## EXERCISE DIRECTIONS
For the records below, tally the lines that contain "exists" and give only that number.

(Collected data)
(* A bidirectional graph $G$ is 2-rooted if and only if it contains a DEP-induced graph as a spanning subgraph.
   Context: Graphs $G=(V,E)$ are directed with $E\subseteq\{(i,k):i\ne k\}$. $G$ is bidirectional if $(i,j)\in E\Rightarrow(j,i)\in E$. A bidirectional path from $i_1$ to $i_k$ is a sequence of distinct vertices $i_1,\dots,i_k$ with $(i_l,i_{l+1}),(i_{l+1},i_l)\in E$ for all $l$. In a bidirectional graph, a vertex $i$ is 2-reachable from a set $U$ of at least two vertices if, after removing any single vertex other than $i$, there is a bidirectional path from some vertex of $U$ to $i$. $G$ is 2-rooted if there is a set of two vertices (roots) from which every other vertex is 2-reachable. A dual-entry path (DEP) with distinct entry vertices $i,j$ and $\ell\ge1$ inner vertices $v_1,\dots,v_\ell$ has vertex set $\{i,j,v_1,\dots,v_\ell\}$ and edge set $\{(i,v_1),(j,v_1)\}$ if $\ell=1$, and $\{(i,v_1),(j,v_\ell)\}\cup\{(v_r,v_{r+1}),(v_{r+1},v_r):1\le r<\ell\}$ if $\ell\ge2$. A DEP-induced graph $\mathcal L_\kappa$ ($\kappa\ge0$): $\mathcal L_0$ consists of two vertices and no edges; for $h=1,\dots,\kappa$, $\mathcal L_h$ is obtained from $\mathcal L_{h-1}$ by attaching a DEP whose two distinct entry vertices belong to $\mathcal L_{h-1}$ and whose inner vertices are new (taking unions of vertex and edge sets). A spanning subgraph of $G$ has vertex set $V$ and edge set contained in $E$. *)

theory Defs
  imports Main
begin

definition digraph :: "'a set \<Rightarrow> ('a \<times> 'a) set \<Rightarrow> bool" where
  "digraph V E \<longleftrightarrow> E \<subseteq> {(i, k). i \<in> V \<and> k \<in> V \<and> i \<noteq> k}"

definition bidirectional :: "('a \<times> 'a) set \<Rightarrow> bool" where
  "bidirectional E \<longleftrightarrow> (\<forall>i j. (i, j) \<in> E \<longrightarrow> (j, i) \<in> E)"

definition bipath :: "'a set \<Rightarrow> ('a \<times> 'a) set \<Rightarrow> 'a list \<Rightarrow> bool" where
  "bipath V E p \<longleftrightarrow> p \<noteq> [] \<and> distinct p \<and> set p \<subseteq> V \<and>
     (\<forall>l. Suc l < length p \<longrightarrow> (p ! l, p ! Suc l) \<in> E \<and> (p ! Suc l, p ! l) \<in> E)"

definition two_reachable :: "'a set \<Rightarrow> ('a \<times> 'a) set \<Rightarrow> 'a set \<Rightarrow> 'a \<Rightarrow> bool" where
  "two_reachable V E U i \<longleftrightarrow> card U \<ge> 2 \<and>
     (\<forall>w \<in> V. w \<noteq> i \<longrightarrow>
        (\<exists>p. bipath (V - {w}) {e \<in> E. fst e \<noteq> w \<and> snd e \<noteq> w} p \<and>
             hd p \<in> U \<and> last p = i))"

definition two_rooted :: "'a set \<Rightarrow> ('a \<times> 'a) set \<Rightarrow> bool" where
  "two_rooted V E \<longleftrightarrow> (\<exists>r1 r2. r1 \<in> V \<and> r2 \<in> V \<and> r1 \<noteq> r2 \<and>
     (\<forall>i \<in> V - {r1, r2}. two_reachable V E {r1, r2} i))"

## RESULT
2